眠り姫の事件が解決してからアーバン・レジェンドに戻ってマカロンパーティを再開している最中、ボクは星空が見たくなって寮の屋根に登っていた。来夢はそんなボクの後を追ってきたんだ。
「ねぇ、またスペルカードで空を飛ばない?」
「……正気ですの?動画がどうのこうのと騒ぎになったりしましたのに?」
「ダメ?」
「……」
真っ直ぐ見つめるとうぐぐ、と来夢は変な声を漏らし、スペルカードを顕現させる。
「人気のない森へ行きますわよ」
「やったー」
ボクは来夢と一緒に箒に跨った。やっぱり、夜風に吹かれながら星空の下で食べるお菓子は一味も二味も違う。
「ねぇ、来夢」
「なんですの……むぐっ」
来夢が好きなシトロンのマカロンを口の中に入れてあげる。すると来夢の顔がまた赤みがかった。
「……ま、ましろさん」
「なんだい、来夢?」
シトロンのマカロンを食べ終えた来夢が後ろを向きながら話す。
「マカロンのお菓子言葉はご存知でして?」
「うーん。そこまでは知らないなぁ」
お菓子言葉だって?そういうのはあんまり興味がないから知らない。どういう意味なのかを聞いたら、来夢は複雑な表情を浮かべながら教えてくれた。
「あなたは特別な存在、ですわ」
「ふーん。なるほど……」
あれ?ボクってば来夢が特別な存在だと思ってるってこと?
「あ!違うよ!だって偶々マカロンが報酬で贈られてきただけだし!!」
「偶然にしては出来すぎてますことよ!?」
否定すると、来夢がぽかりと頭を叩いてきた。違うんだ。全然そんなつもりはなくて。なんて言うと、来夢が更に怒ってきそうだから言葉を呑み込んでおく。
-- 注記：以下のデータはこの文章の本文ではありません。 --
lemma greedy_colouring:
  fixes D :: "'a::countable \<Rightarrow> 'a \<Rightarrow> bool"
  assumes sym: "\<And>x y. D x y \<Longrightarrow> D y x" and irrefl: "\<And>x. \<not> D x x"
    and deg: "\<And>x. finite {y. D x y} \<and> card {y. D x y} \<le> d"
  shows "\<exists>c::'a \<Rightarrow> nat. (\<forall>x. c x \<le> d) \<and> (\<forall>x y. D x y \<longrightarrow> c x \<noteq> c y)"
proof -
  define c where "c x = greedy_colour D (Suc (to_nat x)) x" for x
  have earlier: "greedy_colour D (to_nat x) y = c y" if "to_nat y < to_nat x" for x y :: 'a
    unfolding c_def using greedy_colour_stable[of y "to_nat x" D] that by simp
  let ?avoids = "\<lambda>x k. \<forall>y. D x y \<and> to_nat y < to_nat x \<longrightarrow> c y \<noteq> k"
  have c_least: "c x = (LEAST k. ?avoids x k)" for x
  proof -
    have "c x = (LEAST k. \<forall>y. D x y \<and> to_nat y < to_nat x \<longrightarrow> greedy_colour D (to_nat x) y \<noteq> k)"
      unfolding c_def by simp
    also have "(\<lambda>k. \<forall>y. D x y \<and> to_nat y < to_nat x \<longrightarrow> greedy_colour D (to_nat x) y \<noteq> k) = ?avoids x"
      using earlier by auto
    finally show ?thesis .
  qed
  have c_avoids: "?avoids x (c x) \<and> c x \<le> d" for x
  proof -
    obtain k where "k \<le> d" "k \<notin> c ` {y. D x y}"
      using free_colour deg by blast
    then have k: "?avoids x k" by auto
    have "?avoids x (c x)" unfolding c_least[of x] by (rule LeastI) (rule k)
    moreover have "c x \<le> k" unfolding c_least[of x] by (rule Least_le) (rule k)
    ultimately show ?thesis using \<open>k \<le> d\<close> by simp
  qed
  have "c x \<noteq> c y" if "D x y" for x y
  proof -
    have "to_nat x \<noteq> to_nat y" using irrefl that by auto
    then consider "to_nat y < to_nat x" | "to_nat x < to_nat y" by linarith
    then show ?thesis using c_avoids[of x] c_avoids[of y] that sym by cases metis+
  qed
  then show ?thesis using c_avoids by blast
qed
(* Let $g,h$ be complex-valued functions on the positive integers such that $g(n),h(n)=O(e^{cn})$ for some $c\ge0$. Define finite differences by $\Delta^0h(j)=h(j)$ and $\Delta^mh(j)=\Delta^{m-1}h(j+1)-\Delta^{m-1}h(j)$ for $m\ge1$, and let $G(z)=\sum_{n=1}^\infty g(n)z^{n-1}$. Then there is a disc centred at $z=0$ on which $$\sum_{n=1}^\infty g(n)h(n)z^{n-1}=\sum_{m=0}^\infty G^{(m)}(z)\,\Delta^mh(1)\,\frac{z^m}{m!}.$$ Similarly, if $g,h$ are complex-valued functions on the non-negative integers with $g(n),h(n)=O(e^{cn})$ and $\tilde G(z)=\sum_{n=0}^\infty g(n)z^n$, then on some disc centred at $0$, $$\sum_{n=0}^\infty g(n)h(n)z^n=\sum_{m=0}^\infty\tilde G^{(m)}(z)\,\Delta^mh(0)\,\frac{z^m}{m!}.$$ *)

theory Defs
  imports "HOL-Analysis.Analysis" "HOL-Library.Landau_Symbols"
begin

fun fwd_diff :: "nat \<Rightarrow> (nat \<Rightarrow> complex) \<Rightarrow> nat \<Rightarrow> complex" where
  "fwd_diff 0 h j = h j"
| "fwd_diff (Suc m) h j = fwd_diff m h (Suc j) - fwd_diff m h j"

end

theory Submission
  imports Defs
begin

text \<open>Newton's forward formula h(n) = \<Sum>m\<le>n. C(n,m) \<Delta>^m h(0) turns
  \<Sum>n. g(n) h(n) z^n into a double series in n and m. Summing over n first, the inner sums
  \<Sum>n. g(n) C(n,m) z^n are G^(m)(z) z^m / m!. Absolute convergence justifies the exchange:
  if |g(n)|, |h(n)| \<le> K R^n then |\<Delta>^m h(0)| \<le> K (2R)^m, so the double series is dominated by
  the geometric series in R |z| (1 + 2R), which converges on a small disc around 0.
  The sequences indexed from 1 are the shifted sequences n \<mapsto> g(n+1), h(n+1), and
  \<Delta>^m of the latter at 0 is \<Delta>^m h(1).\<close>

lemma bigO_exp_imp_power_bound:
  fixes f :: "nat \<Rightarrow> complex" and c :: real
  assumes "c \<ge> 0" and "(\<lambda>n. norm (f n)) \<in> O(\<lambda>n. exp (c * real n))"
  obtains K where "K \<ge> 0" "\<And>n. norm (f n) \<le> K * exp c ^ n"
proof -
  obtain C where C: "C > 0" "eventually (\<lambda>n. norm (norm (f n)) \<le> C * norm (exp (c * real n))) at_top"
    using landau_o.bigE[OF assms(2)] by blast
  then obtain N where N: "\<And>n. n \<ge> N \<Longrightarrow> norm (f n) \<le> C * exp c ^ n"
    by (auto simp: eventually_at_top_linorder exp_of_nat_mult[symmetric] mult.commute)
  define K where "K = C + (\<Sum>i<N. norm (f i))"
  have "K \<ge> C" "C \<ge> 0" using C by (simp_all add: K_def sum_nonneg)
  have bound: "norm (f n) \<le> K * exp c ^ n" for n
  proof (cases "n \<ge> N")
    case True
    have "C * exp c ^ n \<le> K * exp c ^ n"
      using \<open>K \<ge> C\<close> by (intro mult_right_mono) simp_all
    then show ?thesis using N[OF True] by linarith
  next
    case False
    have "norm (f n) \<le> (\<Sum>i<N. norm (f i))"
      using False by (intro member_le_sum) auto
    also have "\<dots> \<le> K" using C by (simp add: K_def)
    also have "\<dots> \<le> K * exp c ^ n"
      using \<open>c \<ge> 0\<close> \<open>K \<ge> C\<close> \<open>C \<ge> 0\<close> by (simp add: mult_le_cancel_left1 one_le_power)
    finally show ?thesis .
  qed
  show thesis using that[OF _ bound] \<open>K \<ge> C\<close> \<open>C \<ge> 0\<close> by linarith
qed

lemma fwd_diff_shift: "fwd_diff m (\<lambda>n. h (Suc n)) j = fwd_diff m h (Suc j)"
  by (induction m arbitrary: j) auto

lemma norm_fwd_diff_le:
  assumes "K \<ge> 0" and "R \<ge> 1" and "\<And>n. norm (h n) \<le> K * R ^ n"
  shows "norm (fwd_diff m h j) \<le> K * R ^ j * (2 * R) ^ m"
proof (induction m arbitrary: j)
  case 0
  then show ?case using assms(3) by simp
next
  case (Suc m)
  have "norm (fwd_diff (Suc m) h j) \<le> norm (fwd_diff m h (Suc j)) + norm (fwd_diff m h j)"
    by (simp add: norm_triangle_ineq4)
  also have "\<dots> \<le> K * R ^ j * (2 * R) ^ m * (R + 1)"
    using Suc.IH[of "Suc j"] Suc.IH[of j] by (simp add: algebra_simps)
  also have "\<dots> \<le> K * R ^ j * (2 * R) ^ m * (2 * R)"
    using assms(1,2) by (intro mult_left_mono) auto
  finally show ?case by (simp add: algebra_simps)
qed

lemma sum_Suc_choose_mult:
  fixes a :: "nat \<Rightarrow> 'a::comm_semiring_1"
  shows "(\<Sum>m\<le>Suc n. of_nat (Suc n choose m) * a m) =
         (\<Sum>m\<le>n. of_nat (n choose m) * (a (Suc m) + a m))"
proof -
  have "(\<Sum>m\<le>Suc n. of_nat (Suc n choose m) * a m) =
        (\<Sum>m\<le>n. of_nat (n choose m) * a (Suc m)) +
        (a 0 + (\<Sum>m\<le>n. of_nat (n choose Suc m) * a (Suc m)))"
    by (subst sum.atMost_Suc_shift) (simp add: sum.distrib distrib_right add.left_commute)
  also have "a 0 + (\<Sum>m\<le>n. of_nat (n choose Suc m) * a (Suc m)) =
             (\<Sum>m\<le>Suc n. of_nat (n choose m) * a m)"
    by (subst sum.atMost_Suc_shift) simp
  also have "\<dots> = (\<Sum>m\<le>n. of_nat (n choose m) * a m)"
    by (simp add: binomial_eq_0)
  finally show ?thesis by (simp add: sum.distrib distrib_left)
qed

lemma newton_forward_difference:
  "h (j + n) = (\<Sum>m\<le>n. of_nat (n choose m) * fwd_diff m h j)"
proof (induction n arbitrary: j)
  case 0
  then show ?case by simp
next
  case (Suc n)
  have "h (j + Suc n) = (\<Sum>m\<le>n. of_nat (n choose m) * fwd_diff m h (Suc j))"
    using Suc.IH[of "Suc j"] by simp
  also have "\<dots> = (\<Sum>m\<le>Suc n. of_nat (Suc n choose m) * fwd_diff m h j)"
    using sum_Suc_choose_mult[of n "\<lambda>m. fwd_diff m h j"] by simp
  finally show ?case .
qed

lemma fps_nth_deriv_funpow:
  fixes F :: "'a::comm_semiring_1 fps"
  shows "fps_nth ((fps_deriv ^^ m) F) n = fps_nth F (n + m) * pochhammer (of_nat (n + 1)) m"
proof (induction m arbitrary: n)
  case 0
  then show ?case by simp
next
  case (Suc m)
  have "fps_nth ((fps_deriv ^^ Suc m) F) n = of_nat (n + 1) * fps_nth ((fps_deriv ^^ m) F) (Suc n)"
    by (simp add: fps_deriv_def)
  also have "\<dots> = fps_nth F (n + Suc m) * pochhammer (of_nat (n + 1)) (Suc m)"
    by (simp add: Suc.IH pochhammer_rec algebra_simps)
  finally show ?case .
qed

lemma fps_conv_radius_deriv_funpow:
  fixes F :: "'a::{banach, real_normed_field} fps"
  shows "fps_conv_radius F \<le> fps_conv_radius ((fps_deriv ^^ m) F)"
proof (induction m)
  case (Suc m)
  then show ?case using fps_conv_radius_deriv[of "(fps_deriv ^^ m) F"] by simp
qed simp

lemma higher_deriv_eval_fps:
  fixes F :: "complex fps"
  assumes "norm z < fps_conv_radius F"
  shows "(deriv ^^ m) (eval_fps F) z = eval_fps ((fps_deriv ^^ m) F) z"
  using assms
proof (induction m arbitrary: z)
  case 0
  then show ?case by simp
next
  case (Suc m)
  have "eventually (\<lambda>w. w \<in> eball 0 (fps_conv_radius F)) (nhds z)"
    using Suc.prems by (intro eventually_nhds_in_open) auto
  hence "eventually (\<lambda>w. (deriv ^^ m) (eval_fps F) w = eval_fps ((fps_deriv ^^ m) F) w) (nhds z)"
    by eventually_elim (intro Suc.IH, simp)
  hence "(deriv ^^ Suc m) (eval_fps F) z = (deriv ^^ 1) (eval_fps ((fps_deriv ^^ m) F)) z"
    using higher_deriv_cong_ev[of _ _ z z 1] by simp
  also have "\<dots> = eval_fps (fps_deriv ((fps_deriv ^^ m) F)) z"
    using Suc.prems fps_conv_radius_deriv_funpow[of F m]
    by (simp add: eval_fps_deriv less_le_trans)
  finally show ?case by simp
qed

lemma sums_choose_higher_deriv:
  fixes g :: "nat \<Rightarrow> complex"
  assumes "norm z < fps_conv_radius (Abs_fps g)"
  shows "(\<lambda>n. g n * of_nat (n choose m) * z ^ n) sums
           ((deriv ^^ m) (\<lambda>z. \<Sum>n. g n * z ^ n) z * z ^ m / fact m)"
proof -
  define F where "F = Abs_fps g"
  have G: "eval_fps F = (\<lambda>z. \<Sum>n. g n * z ^ n)"
    by (simp add: F_def eval_fps_def fun_eq_iff)
  have "(\<lambda>n. fps_nth ((fps_deriv ^^ m) F) n * z ^ n) sums eval_fps ((fps_deriv ^^ m) F) z"
    using assms fps_conv_radius_deriv_funpow[of F m]
    by (intro sums_eval_fps) (auto simp: F_def intro: less_le_trans)
  hence "(\<lambda>n. fps_nth ((fps_deriv ^^ m) F) n * z ^ n * (z ^ m / fact m)) sums
           (eval_fps ((fps_deriv ^^ m) F) z * (z ^ m / fact m))"
    by (rule sums_mult2)
  moreover have "fps_nth ((fps_deriv ^^ m) F) n * z ^ n * (z ^ m / fact m) =
                 g (n + m) * of_nat ((n + m) choose m) * z ^ (n + m)" for n
  proof -
    have "pochhammer (of_nat (n + 1) :: complex) m / fact m = of_nat ((n + m) choose m)"
      by (simp add: binomial_gbinomial gbinomial_pochhammer' of_nat_add algebra_simps)
    thus ?thesis
      by (simp add: fps_nth_deriv_funpow F_def power_add field_simps)
  qed
  moreover have "(\<Sum>i<m. g i * of_nat (i choose m) * z ^ i) = 0"
    by (intro sum.neutral) auto
  moreover have "eval_fps ((fps_deriv ^^ m) F) z = (deriv ^^ m) (\<lambda>z. \<Sum>n. g n * z ^ n) z"
    using assms higher_deriv_eval_fps[of z F m] unfolding G by (simp add: F_def)
  ultimately show ?thesis
    using sums_iff_shift[of "\<lambda>n. g n * of_nat (n choose m) * z ^ n" m] by simp
qed

lemma fps_conv_radius_ge_power_bound:
  fixes g :: "nat \<Rightarrow> complex"
  assumes "\<And>n. norm (g n) \<le> K * R ^ n" and "R \<ge> 0" and "r \<ge> 0" and "R * r < 1"
  shows "ereal r \<le> fps_conv_radius (Abs_fps g)"
proof -
  have "summable (\<lambda>n. norm (g n * complex_of_real r ^ n))"
  proof (rule summable_comparison_test')
    show "summable (\<lambda>n. K * (R * r) ^ n)"
      using assms(2-4)
      by (intro summable_mult summable_geometric) (auto simp: mult_nonneg_nonneg zero_le_mult_iff)
    show "norm (norm (g n * complex_of_real r ^ n)) \<le> K * (R * r) ^ n" for n
      using mult_right_mono[OF assms(1)[of n], of "r ^ n"] assms(3)
      by (simp add: norm_mult norm_power power_mult_distrib mult.assoc)
  qed
  hence "norm (complex_of_real r) \<le> fps_conv_radius (Abs_fps g)"
    unfolding fps_conv_radius_def by (intro conv_radius_geI) (simp add: summable_norm_cancel)
  thus ?thesis using assms(3) by simp
qed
「眠り姫の件についてはノーカンですからね!ノーカン!」
あらら。やっぱりボクがキスをしたって勘違いしちゃってる。来夢の態度が変なのもそれのせいかな。
「ーーじゃあ、鵜久森さんがよかったのかな?」
意地悪心が出て、つい来夢を揶揄ってしまった。来夢が悲しそうな顔をする。……待って。来夢ってやっぱりボクのことが、幼なじみとかそういう域ではなく……。
「……え?そ、それはないなぁ……」
と、思いたいけど。
「……なにひとりでぶつくさ言ってるんですの?」
「な、なんでもないよ」
平常心を取り繕う。まさかとは思うけど、あの来夢が、ぼ、ボクのことを?
「ちょっと、ましろさん?食べすぎではなくって?」
心を落ち着かせようとして、ひたすら袋に詰め込んできたマカロンを食べ続ける。マカロンのお菓子言葉なんて知らない。ボクは甘いものが好きな呪いで食べているだけさ。
「大丈夫だよ。このくらい」
平常心ーー平常心。来夢がボクのことを好き?だからって、ボクが来夢をいきなり好きになるのはありえない。揶揄いはしたことはあったけど、今の今までそう認識したことがなかったから。
ーーどうする?本人にボクが好きかどうか直接聞く?
「ーー星が綺麗だね」
「……そうですわね」
臆病なボクから出たのは、別の言葉だった。来夢が呆れた表情をしたけど、すぐに笑顔になってくれた。
ーーボクは今の距離感が崩れることを怖がっている気がする。……そうだ。昔から築いてきた距離感が崩れるのが怖い。
だから、今まで通り。それが1番いい選択だと信じて。
ボクはこの夜、心を隠して来夢に接することを決めた。